Task instructions —
Write out, word for word, the part of the listing below that opens with the line containing "(simp add: mod_Suc_eq)" and closes with the line containing "obtain mi mk", keeping both of those lines and adding no others.

++++ Data ++++

(* Let $(\Omega,\mathcal{F},\mathbb{P})$ be a complete probability space, let $E$ be a Polish space, and let $X=\{X_t\}_{t\geq0}$ be an $E$-valued stochastic process that is measurable, i.e. the map $(\omega,t)\mapsto X_t(\omega)$ is $\mathcal{F}\otimes\mathcal{B}([0,\infty))/\mathcal{B}(E)$-measurable. Let $AP$ be a set of atomic propositions and assign to each $a\in AP$ a Borel set $B_a\subset E$. Then for every MTL-formula $\phi$, the set $\llbracket\phi\rrbracket=\{(\omega,t)\in\Omega\times[0,\infty) : X(\omega),t\models\phi\}$ belongs to $\mathcal{F}\otimes\mathcal{B}([0,\infty))$, and for every $t\geq0$ the set $\llbracket\phi\rrbracket(t)=\{\omega\in\Omega : X(\omega),t\models\phi\}$ belongs to $\mathcal{F}$.
   Context: MTL-formulas are generated by the grammar $\phi::=a\mid\phi_1\wedge\phi_2\mid\lnot\phi\mid\phi_1\mathcal{U}_I\phi_2$, where $a\in AP$ and $I$ is an interval in $[0,\infty)$ (closed, open, or half-open; unbounded intervals allowed). The continuous semantics, for a path $X(\omega)$ ($\omega$ fixed) and $t\geq0$: $X(\omega),t\models a$ iff $X_t(\omega)\in B_a$; $X(\omega),t\models\lnot\phi$ iff not $X(\omega),t\models\phi$; $X(\omega),t\models\phi_1\wedge\phi_2$ iff both $X(\omega),t\models\phi_1$ and $X(\omega),t\models\phi_2$; $X(\omega),t\models\phi_1\mathcal{U}_I\phi_2$ iff there exists $s\in I$ such that $X(\omega),t+s\models\phi_2$ and for all $s'\in[t,t+s)$, $X(\omega),s'\models\phi_1$. A probability space is complete if every subset of a null set is measurable. *)

theory Defs
  imports "HOL-Probability.Probability"
begin

datatype interval = Intv (lower: real) (lower_closed: bool) (upper: ereal) (upper_closed: bool)

definition intv_set :: "interval \<Rightarrow> real set" where
  "intv_set I = {s. 0 \<le> s \<and>
      (if lower_closed I then lower I \<le> s else lower I < s) \<and>
      (if upper_closed I then ereal s \<le> upper I else ereal s < upper I)}"

datatype 'ap mtl =
    Atom 'ap
  | And "'ap mtl" "'ap mtl"
  | Not "'ap mtl"
  | Until "'ap mtl" interval "'ap mtl"

fun holds :: "(real \<Rightarrow> 'w \<Rightarrow> 'e) \<Rightarrow> ('ap \<Rightarrow> 'e set) \<Rightarrow> 'w \<Rightarrow> real \<Rightarrow> 'ap mtl \<Rightarrow> bool" where
  "holds X B \<omega> t (Atom a) \<longleftrightarrow> X t \<omega> \<in> B a"
| "holds X B \<omega> t (And \<phi>1 \<phi>2) \<longleftrightarrow> holds X B \<omega> t \<phi>1 \<and> holds X B \<omega> t \<phi>2"
| "holds X B \<omega> t (Not \<phi>) \<longleftrightarrow> \<not> holds X B \<omega> t \<phi>"
| "holds X B \<omega> t (Until \<phi>1 I \<phi>2) \<longleftrightarrow>
     (\<exists>s\<in>intv_set I. holds X B \<omega> (t + s) \<phi>2 \<and>
        (\<forall>s'\<in>{t..<t + s}. holds X B \<omega> s' \<phi>1))"

definition sat_set :: "'w measure \<Rightarrow> (real \<Rightarrow> 'w \<Rightarrow> 'e) \<Rightarrow> ('ap \<Rightarrow> 'e set) \<Rightarrow> 'ap mtl \<Rightarrow> ('w \<times> real) set" where
  "sat_set M X B \<phi> = {(\<omega>, t). \<omega> \<in> space M \<and> 0 \<le> t \<and> holds X B \<omega> t \<phi>}"
lemma sum_mu_weight_variance:
  "(\<Sum>x\<in>cube m. mu p m x * (real (weight x) - real m * p)^2) = real m * p * (1 - p)"
proof (induction m)
  case (Suc m)
  have pair: "(1 - p) * M * (d - p)^2 + p * M * (d + 1 - p)^2 = M * d^2 + p * (1 - p) * M"
    for d M :: real
    by (simp add: power2_eq_square algebra_simps)
  have "(\<Sum>x\<in>cube (Suc m). mu p (Suc m) x * (real (weight x) - real (Suc m) * p)^2)
      = (\<Sum>x\<in>cube m. mu p m x * (real (weight x) - real m * p)^2 + p * (1 - p) * mu p m x)"
    (is "_ = ?rhs")
  proof (rule trans[OF sum_cube_Suc sum.cong[OF refl]])
    fix x assume x: "x \<in> cube m"
    define d where "d = real (weight x) - real m * p"
    have "real (weight x) - real (Suc m) * p = d - p"
      "real (weight (x(m := True))) - real (Suc m) * p = d + 1 - p"
      using weight_upd_dim[OF x] by (simp_all add: d_def algebra_simps)
    then show "mu p (Suc m) x * (real (weight x) - real (Suc m) * p)^2
        + mu p (Suc m) (x(m := True)) * (real (weight (x(m := True))) - real (Suc m) * p)^2
      = mu p m x * (real (weight x) - real m * p)^2 + p * (1 - p) * mu p m x"
      unfolding mu_Suc[OF x] mu_Suc_upd[OF x] d_def[symmetric] by (simp only: pair)
  qed
  also have "?rhs = (\<Sum>x\<in>cube m. mu p m x * (real (weight x) - real m * p)^2)
      + p * (1 - p) * (\<Sum>x\<in>cube m. mu p m x)"
    by (simp only: sum.distrib sum_distrib_left)
  finally show ?case
    unfolding Suc.IH sum_mu by (simp add: algebra_simps)
qed (simp add: cube_0 mu_def weight_def)
lemma compatible_clique_profile_weight:
  fixes P :: "nat \<Rightarrow> 'a::euclidean_space set"
  assumes "compatible k E P" "C \<subseteq> {1..k}" "C \<noteq> {}" "is_clique E C"
    and "\<forall>i\<in>C. 3 < card (P i)"
  shows "(\<Sum>i\<in>C. real (profile_entry (P i)) + 1) \<le> real DIM('a) + 1"
proof (cases "card C = 1")
  case True
  then obtain i where "C = {i}" by (auto simp: card_1_singleton_iff)
  then show ?thesis using profile_entry_le_DIM[of "P i"] by simp
next
  case False
  have "finite C" using assms(2) finite_subset by blast
  then have "0 < card C" using assms(3) by (simp add: card_gt_0_iff)
  with False have "2 \<le> card C" by linarith
  have unit: "dist p p' = 1"
    if "i \<in> C" "j \<in> C" "i \<noteq> j" "p \<in> P i" "p' \<in> P j" for i j p p'
  proof -
    have "{i, j} \<in> E" "i \<in> {1..k}" "j \<in> {1..k}"
      using assms(2,4) that by (auto simp: is_clique_def)
    then show ?thesis using assms(1) that by (simp add: compatible_def)
  qed
  have "(\<Sum>i\<in>C. profile_entry (P i) + 1) \<le> DIM('a)"
    by (rule unit_distance_family_profile_sum_le_DIM[OF \<open>finite C\<close> \<open>2 \<le> card C\<close> assms(5) unit])
  moreover have "(\<Sum>i\<in>C. real (profile_entry (P i)) + 1) = real (\<Sum>i\<in>C. profile_entry (P i) + 1)"
    by (simp add: ac_simps)
  ultimately show ?thesis by linarith
qed

theorem theorem5p5:
  fixes k :: nat and E :: "nat set set" and lam :: "nat \<Rightarrow> nat"
  assumes "is_graph_on k E"
    and "realisable TYPE('a::euclidean_space) k E lam"
    and "\<forall>i\<in>{1..k}. lam i \<ge> 2"
  shows "zeta k E lam \<le> 5/8 * real DIM('a) + 1/8 * real k"
proof (rule zeta_le_dual_bound)
  obtain P :: "nat \<Rightarrow> 'a set" where P: "\<forall>i\<in>{1..k}. finite (P i) \<and> profile_entry (P i) = lam i"
    and compatible: "compatible k E P"
    using assms(2) unfolding realisable_def by blast
  have card_P: "\<forall>i\<in>{1..k}. 3 < card (P i)"
  proof
    fix i assume "i \<in> {1..k}"
    then have "0 < profile_entry (P i)" using P assms(3) by fastforce
    then show "3 < card (P i)" by (rule card_gt_3_if_profile_entry_pos)
  qed
  have cliques: "\<forall>C\<subseteq>{1..k}. C \<noteq> {} \<longrightarrow> is_clique E C \<longrightarrow>
      (\<Sum>i\<in>C. real (lam i) + 1) \<le> real DIM('a) + 1"
  proof (intro allI impI)
    fix C assume C: "C \<subseteq> {1..k}" "C \<noteq> {}" "is_clique E C"
    have "(\<Sum>i\<in>C. real (lam i) + 1) = (\<Sum>i\<in>C. real (profile_entry (P i)) + 1)"
      using C(1) P by (intro sum.cong) auto
    also have "\<dots> \<le> real DIM('a) + 1"
      using compatible_clique_profile_weight[OF compatible C] card_P C(1) by blast
    finally show "(\<Sum>i\<in>C. real (lam i) + 1) \<le> real DIM('a) + 1" .
  qed
  fix u assume "\<forall>i\<in>{1..k}. 0 \<le> u i"
    "\<forall>j\<in>{1..k}. real (lam j) * u j + (\<Sum>i\<in>nonnbrs k E j. u i) \<le> real (lam j)"
  then show "(\<Sum>i\<in>{1..k}. u i) \<le> 5/8 * real DIM('a) + 1/8 * real k"
    using dual_weight_bound[of "{1..k}" lam u E "real DIM('a)"] assms(3) cliques
    unfolding nonnbrs_def by (cases "k = 0") auto
qed

end
(* Consider the $n$-agent optimal investment game with exponential (CARA) utilities described in the context. Assume that for every $i\in\{1,\dots,n\}$: $\mu_i>0$, $\nu_i\geq 0$, $\sigma_i\geq 0$, $\nu_i^2+\sigma_i^2>0$, $\delta_i>0$ and $\theta_i\in(0,1)$. Then any constant Nash equilibrium $(\pi_1^*,\dots,\pi_n^* )\in\mathbb{R}^n$ satisfies the coupled system, for all $i\in\{1,\dots,n\}$, $$\mu_i+\frac{1}{\delta_i}\sigma_i\theta_i\widehat{\pi^*\sigma}-\frac{1}{\delta_i}\Big(1-\frac{\theta_i}{n}\Big)(\nu_i^2+\sigma_i^2)\pi_i^*-\lambda_0\beta_i-\lambda_i\alpha_i+\lambda_0\beta_i\, e^{-\frac{1}{\delta_i}\left((1-\frac{\theta_i}{n})\pi_i^*\beta_i-\theta_i\widehat{\pi^*\beta}\right)}+\lambda_i\alpha_i\, e^{-\frac{1}{\delta_i}(1-\frac{\theta_i}{n})\pi_i^*\alpha_i}=0,$$ where $\widehat{\pi^*\sigma}:=\frac1n\sum_{k\neq i}\pi_k^*\sigma_k$ and $\widehat{\pi^*\beta}:=\frac1n\sum_{k\neq i}\pi_k^*\beta_k$. Moreover, if this system has a unique solution, then the constant Nash equilibrium is unique.
   Context: On a filtered probability space $(\Omega,\mathcal{F},(\mathcal{F}_t)_{t\ge0},\mathbb{P})$ let $B,W^1,\dots,W^n$ be independent standard one-dimensional Brownian motions, and $N^0,N^1,\dots,N^n$ independent Poisson processes (independent of the Brownian motions) with intensities $\lambda_0,\lambda_1,\dots,\lambda_n>0$; let $M^i_t=N^i_t-\lambda_i t$ be the compensated Poisson processes. Fix a horizon $T>0$. There is a riskless bond with zero interest rate, and for each agent $i\in\mathcal{I}=\{1,\dots,n\}$ a stock $S^i$ with $dS^i_t=S^i_{t-}(\mu_i\,dt+\nu_i\,dW^i_t+\sigma_i\,dB_t+\alpha_i\,dM^i_t+\beta_i\,dM^0_t)$, with constants $\mu_i,\nu_i,\sigma_i\in\mathbb{R}$, $\alpha_i,\beta_i\in\mathbb{R}$. Agent $i$ chooses a strategy $\pi^i=(\pi^i_t)_{0\le t\le T}$, the dollar amount invested in $S^i$ (the rest in the bond), self-financing, so her wealth satisfies $dX^i_t=\pi^i_t(\mu_i\,dt+\nu_i\,dW^i_t+\sigma_i\,dB_t+\alpha_i\,dM^i_t+\beta_i\,dM^0_t)$, $X^i_0=x^i_0\in\mathbb{R}$. Her utility is $U_i(x_1,\dots,x_n)=-\exp\!\big(-\frac{1}{\delta_i}(x_i-\theta_i\frac1n\sum_{k=1}^n x_k)\big)$ and her payoff is $J_i(t,x_1,\dots,x_n;\pi^1,\dots,\pi^n)=\mathbb{E}^{t,x_1,\dots,x_n}[U_i(X^1_T,\dots,X^n_T)]$. A tuple $(\pi_1^*,\dots,\pi_n^* )$ of strategies on $[0,T]$ is a Nash equilibrium if for the initial condition $\vec x=(x^1_0,\dots,x^n_0)$, every agent $i$ and every strategy $\pi_i$, $J_i(0,\vec x;\pi_1^*,\dots,\pi_i^*,\dots,\pi_n^* )\ge J_i(0,\vec x;\pi_1^*,\dots,\pi_{i-1}^*,\pi_i,\pi_{i+1}^*,\dots,\pi_n^* )$. A constant Nash equilibrium is one in which each $\pi_i^*$ is a constant, independent of time and state. *)

theory Defs
  imports "HOL-Probability.Probability"
begin

text \<open>Agents are indexed by 1..n; index 0 of the
  Poisson data refers to the common Poisson process N^0.
  Sources of randomness at the horizon T: B_T, W^i_T (i=1..n), N^k_T (k=0..n).\<close>

datatype src = SB | SW nat | SN nat

definition src_set :: "nat \<Rightarrow> src set" where
  "src_set n = {SB} \<union> SW ` {1..n} \<union> SN ` {0..n}"

definition src_var :: "('a \<Rightarrow> real) \<Rightarrow> (nat \<Rightarrow> 'a \<Rightarrow> real) \<Rightarrow> (nat \<Rightarrow> 'a \<Rightarrow> real)
    \<Rightarrow> src \<Rightarrow> 'a \<Rightarrow> real" where
  "src_var B W N s = (case s of SB \<Rightarrow> B | SW k \<Rightarrow> W k | SN k \<Rightarrow> N k)"

definition wealth_T ::
  "real \<Rightarrow> (nat \<Rightarrow> real) \<Rightarrow> (nat \<Rightarrow> real) \<Rightarrow> (nat \<Rightarrow> real) \<Rightarrow> (nat \<Rightarrow> real)
   \<Rightarrow> (nat \<Rightarrow> real) \<Rightarrow> (nat \<Rightarrow> real)
   \<Rightarrow> ('a \<Rightarrow> real) \<Rightarrow> (nat \<Rightarrow> 'a \<Rightarrow> real) \<Rightarrow> (nat \<Rightarrow> 'a \<Rightarrow> real)
   \<Rightarrow> (nat \<Rightarrow> real) \<Rightarrow> (nat \<Rightarrow> real) \<Rightarrow> nat \<Rightarrow> 'a \<Rightarrow> real" where
  "wealth_T T mu nu sg alpha beta lam B W N x st i \<omega> =
     x i + st i * (mu i * T + nu i * W i \<omega> + sg i * B \<omega>
                   + alpha i * (N i \<omega> - lam i * T) + beta i * (N 0 \<omega> - lam 0 * T))"

definition util :: "nat \<Rightarrow> (nat \<Rightarrow> real) \<Rightarrow> (nat \<Rightarrow> real) \<Rightarrow> nat \<Rightarrow> (nat \<Rightarrow> real) \<Rightarrow> real" where
  "util n delta theta i xs =
     - exp (- (1 / delta i) * (xs i - theta i * (1 / real n) * (\<Sum>k=1..n. xs k)))"

definition payoff where
  "payoff M n T mu nu sg alpha beta lam delta theta B W N x st i =
     integral\<^sup>L M (\<lambda>\<omega>. util n delta theta i
        (\<lambda>k. wealth_T T mu nu sg alpha beta lam B W N x st k \<omega>))"
lemma inc_cycle_block:
  assumes "inc_cycle G cs" "Inr (R, t) \<in> set cs"
  shows "t \<in> rels G R" "nonconstant t"
proof -
  obtain y z where "inc_adj G y (Inr (R, t))" "inc_adj G (Inr (R, t)) z" "y \<noteq> z"
    using inc_cycle_neighbours[OF assms] .
  then show "t \<in> rels G R" "nonconstant t"
    by (cases y; cases z; auto simp: nonconstant_def)+
qed

fun emb_node :: "('v \<Rightarrow> 'u) \<Rightarrow> 'v + 'r \<times> 'v list \<Rightarrow> 'u + 'r \<times> 'u list" where
  "emb_node f (Inl x) = Inl (f x)"
| "emb_node f (Inr (R, s)) = Inr (R, map f s)"

lemma inj_emb_node: "inj f \<Longrightarrow> inj (emb_node f)"
  by (rule injI) (auto elim!: emb_node.elims simp: inj_eq)

text \<open>Only nonconstant tuples need to be reflected, since a block on a cycle has two
distinct neighbours.\<close>

lemma inc_cycle_pullback:
  assumes cyc: "inc_cycle G cs" and f: "inj f" and rng: "set cs \<subseteq> range (emb_node f)"
    and reflect: "\<And>R s. map f s \<in> rels G R \<Longrightarrow> nonconstant s \<Longrightarrow> s \<in> rels X R"
  shows "inc_has_cycle X"
proof -
  obtain cs' where cs: "cs = map (emb_node f) cs'"
    using rng ex_map_conv[of cs "emb_node f"] by blast
  have block: "s \<in> rels X R" if "Inr (R, s) \<in> set cs'" for R s
  proof -
    have "Inr (R, map f s) \<in> set cs" using that unfolding cs by force
    then show ?thesis using inc_cycle_block[OF cyc] reflect nonconstant_map by blast
  qed
  have adj: "inc_adj X u v"
    if "inc_adj G (emb_node f u) (emb_node f v)" "u \<in> set cs'" "v \<in> set cs'" for u v
    using that f block by (cases u; cases v) (auto simp: inj_image_mem_iff)
  have "inc_cycle X cs'"
    unfolding inc_cycle_def
  proof (intro conjI allI impI)
    show "3 \<le> length cs'" "distinct cs'"
      using cyc inj_emb_node[OF f] by (auto simp: inc_cycle_def cs distinct_map)
  next
    fix i assume i: "i < length cs'"
    then have "Suc i mod length cs' < length cs'" by (auto intro: mod_less_divisor)
    then show "inc_adj X (cs' ! i) (cs' ! (Suc i mod length cs'))"
      using cyc i by (auto simp: inc_cycle_def cs intro!: adj)
  qed
  then show ?thesis by (auto simp: inc_has_cycle_iff)
qed

text \<open>The excluded index j may be \<open>\<ge> n\<close>; then f is constant on all indices below n.\<close>

lemma mod_chain_const:
  fixes f :: "nat \<Rightarrow> 'a"
  assumes step: "\<And>i. i < n \<Longrightarrow> i \<noteq> j \<Longrightarrow> Suc i mod n \<noteq> j \<Longrightarrow> f (Suc i mod n) = f i"
    and i: "i < n" "i \<noteq> j" and k: "k < n" "k \<noteq> j"
  shows "f i = f k"
proof -
  define s where "s = Suc j mod n"
  have n: "0 < n" using i by simp
  have along: "f ((s + m) mod n) = f s" if "m < n" "(s + m) mod n \<noteq> j" for m
    using that
  proof (induction m)
    case 0
    then show ?case by (simp add: s_def)
  next
    case (Suc m)
    have "(s + m) mod n \<noteq> j"
    proof
      assume eq: "(s + m) mod n = j"
      then have "j < n" using n by (metis mod_less_divisor)
      with eq have "(Suc j + m) mod n = j mod n" by (simp add: s_def mod_add_left_eq)
      then have "n dvd Suc m" by (simp add: mod_eq_dvd_iff_nat)
      with Suc.prems(1) show False by (auto dest: dvd_imp_le)
    qed
    moreover have "Suc ((s + m) mod n) mod n = (s + Suc m) mod n" by (simp add: mod_Suc_eq)
    ultimately show ?case using Suc step[of "(s + m) mod n"] n by simp
  qed
  have reach: "\<exists>m<n. (s + m) mod n = i'" if "i' < n" for i'
  proof -
    have "s < n" using n by (simp add: s_def)
    then have "(s + (i' + n - s)) mod n = i'" using that by simp
    then show ?thesis using n by (metis mod_add_right_eq mod_less_divisor)
  qed
  obtain mi mk where "mi < n" "(s + mi) mod n = i" "mk < n" "(s + mk) mod n = k"
    using reach i(1) k(1) by blast
  then show ?thesis using along i k by metis
qed

lemma inc_cycle_const_off_node:
  assumes cyc: "inc_cycle G cs"
    and step: "\<And>x y. inc_adj G x y \<Longrightarrow> x \<noteq> z \<Longrightarrow> y \<noteq> z \<Longrightarrow> c x = c y"
    and "x \<in> set cs" "x \<noteq> z" "y \<in> set cs" "y \<noteq> z"
  shows "c x = c y"
proof -
  let ?n = "length cs"
  obtain j where j: "\<And>i. i < ?n \<Longrightarrow> cs ! i = z \<longleftrightarrow> i = j"
  proof (cases "z \<in> set cs")
    case True
    then obtain j where "j < ?n" "cs ! j = z" by (meson in_set_conv_nth)
    then show thesis using that cyc by (metis inc_cycle_def nth_eq_iff_index_eq)
  next
    case False
    then show thesis using that[of ?n] by (metis nth_mem less_irrefl)
  qed
  obtain i k where "i < ?n" "cs ! i = x" "k < ?n" "cs ! k = y"
    using assms(3,5) by (meson in_set_conv_nth)
  moreover have "c (cs ! (Suc i mod ?n)) = c (cs ! i)"
    if "i < ?n" "i \<noteq> j" "Suc i mod ?n \<noteq> j" for i
  proof -
    have "Suc i mod ?n < ?n" using that(1) by (auto intro: mod_less_divisor)
    then show ?thesis using that cyc j step unfolding inc_cycle_def by metis
  qed
  ultimately show ?thesis
    using mod_chain_const[of ?n j "\<lambda>i. c (cs ! i)"] j assms(4,6) by metis
qed

lemma verts_rsum: "verts (rsum A a B b) = (\<lambda>x. 2 * x) ` verts A \<union> glue_map a b ` verts B"
  by (simp add: rsum_def verts_def)

lemma rels_rsum:
  "rels (rsum A a B b) R = map (\<lambda>x. 2 * x) ` rels A R \<union> map (glue_map a b) ` rels B R"
  by (simp add: rsum_def rels_def)

lemma inj_double: "inj (\<lambda>x::nat. 2 * x)"
  by (simp add: inj_def)

lemma inj_glue_map: "inj (glue_map a b)"
  by (rule injI) (auto simp: glue_map_def split: if_splits; presburger)

lemma double_eq_glue_map_iff: "2 * x = glue_map a b y \<longleftrightarrow> x = a \<and> y = b"
  by (auto simp: glue_map_def) presburger

lemma map_double_eq_map_glue:
  assumes "map (\<lambda>x. 2 * x) s = map (glue_map a b) s'"
  shows "set s \<subseteq> {a} \<and> set s' \<subseteq> {b}"
proof -
  have img: "(\<lambda>x. 2 * x) ` set s = glue_map a b ` set s'"
    using arg_cong[OF assms, of set] by simp
  have "x = a" if "x \<in> set s" for x
    using that img double_eq_glue_map_iff by (metis (no_types, lifting) image_eqI imageE)
  moreover have "y = b" if "y \<in> set s'" for y
    using that img double_eq_glue_map_iff by (metis (no_types, lifting) image_eqI imageE)
  ultimately show ?thesis by blast
qed

lemma nonconstant_not_subset_singleton: "nonconstant s \<Longrightarrow> \<not> set s \<subseteq> {c}"
  by (auto simp: nonconstant_def)

lemma rsum_tuple_left:
  assumes t: "map (\<lambda>x. 2 * x) s \<in> rels (rsum A a B b) R" and "nonconstant s"
  shows "s \<in> rels A R"
proof -
  have "map (\<lambda>x. 2 * x) s \<notin> map (glue_map a b) ` rels B R"
    using map_double_eq_map_glue nonconstant_not_subset_singleton[OF \<open>nonconstant s\<close>] by blast
  then show ?thesis using t by (auto simp: rels_rsum inj_map_eq_map[OF inj_double])
qed

lemma rsum_tuple_right:
  assumes t: "map (glue_map a b) s \<in> rels (rsum A a B b) R" and "nonconstant s"
  shows "s \<in> rels B R"
proof -
  have "map (glue_map a b) s \<notin> map (\<lambda>x. 2 * x) ` rels A R"
    using map_double_eq_map_glue[OF sym] nonconstant_not_subset_singleton[OF \<open>nonconstant s\<close>]
    by blast
  then show ?thesis using t by (auto simp: rels_rsum inj_map_eq_map[OF inj_glue_map])
qed

text \<open>In the sum, A's vertices are relabelled to even and B's to odd numbers, except
that B's root becomes A's root 2a; away from 2a, odd_node tells the two sides apart.\<close>

fun odd_node :: "nat + 'r \<times> nat list \<Rightarrow> bool" where
  "odd_node (Inl v) = odd v"
| "odd_node (Inr (R, t)) = (\<exists>v\<in>set t. odd v)"

lemma odd_glue_map: "v \<in> glue_map a b ` S \<Longrightarrow> v \<noteq> 2 * a \<Longrightarrow> odd v"
  by (auto simp: glue_map_def)

lemma rsum_adj_odd_node:
  assumes "inc_adj (rsum A a B b) x y" "x \<noteq> Inl (2 * a)" "y \<noteq> Inl (2 * a)"
  shows "odd_node x = odd_node y"
proof -
  have side: "odd v = (\<exists>w\<in>set t. odd w)"
    if "t \<in> rels (rsum A a B b) R" "v \<in> set t" "v \<noteq> 2 * a" for v t R
    using that odd_glue_map[of _ a b] by (fastforce simp: rels_rsum)
  show ?thesis
    using assms by (cases x rule: odd_node.cases; cases y rule: odd_node.cases) (auto dest: side)
qed

lemma even_node_in_range: "\<not> odd_node x \<Longrightarrow> x \<in> range (emb_node (\<lambda>v::nat. 2 * v))"
proof (induction x rule: odd_node.induct)
  case (1 v)
  then have "Inl v = emb_node (\<lambda>v. 2 * v) (Inl (v div 2))" by simp
  then show ?case by blast
next
  case (2 R t)
  then have "Inr (R, t) = emb_node (\<lambda>v. 2 * v) (Inr (R, map (\<lambda>v. v div 2) t))"
    by (simp add: map_idI)
  then show ?case by blast
qed

lemma rsum_odd_node_in_range:
  assumes "inc_adj (rsum A a B b) x y" "odd_node x \<or> x = Inl (2 * a)"
  shows "x \<in> range (emb_node (glue_map a b))"
proof -
  have glue: "t \<in> map (glue_map a b) ` rels B R"
    if "t \<in> rels (rsum A a B b) R" "odd v" "v \<in> set t" for t R v
    using that by (auto simp: rels_rsum)
  show ?thesis
  proof (cases x)
    case (Inl v)
    show ?thesis
    proof (cases "v = 2 * a")
      case True
      then have "x = emb_node (glue_map a b) (Inl b)" using Inl by (simp add: glue_map_def)
      then show ?thesis by blast
    next
      case False
      then obtain R t where "t \<in> rels (rsum A a B b) R" "v \<in> set t" "odd v"
        using assms Inl by (cases y) auto
      then obtain w where "v = glue_map a b w" using glue by fastforce
      then have "x = emb_node (glue_map a b) (Inl w)" using Inl by simp
      then show ?thesis by blast
    qed
  next
    case (Inr p)
    then obtain R t where x: "x = Inr (R, t)" by (cases p) auto
    then obtain v where "t \<in> rels (rsum A a B b) R" "v \<in> set t" "odd v"
      using assms by (cases y) auto
    then obtain s where "t = map (glue_map a b) s" using glue by blast
    then have "x = emb_node (glue_map a b) (Inr (R, s))" using x by simp
    then show ?thesis by blast
  qed
qed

++++

Exercise output —
    moreover have "Suc ((s + m) mod n) mod n = (s + Suc m) mod n" by (simp add: mod_Suc_eq)
    ultimately show ?case using Suc step[of "(s + m) mod n"] n by simp
  qed
  have reach: "\<exists>m<n. (s + m) mod n = i'" if "i' < n" for i'
  proof -
    have "s < n" using n by (simp add: s_def)
    then have "(s + (i' + n - s)) mod n = i'" using that by simp
    then show ?thesis using n by (metis mod_add_right_eq mod_less_divisor)
  qed
  obtain mi mk where "mi < n" "(s + mi) mod n = i" "mk < n" "(s + mk) mod n = k"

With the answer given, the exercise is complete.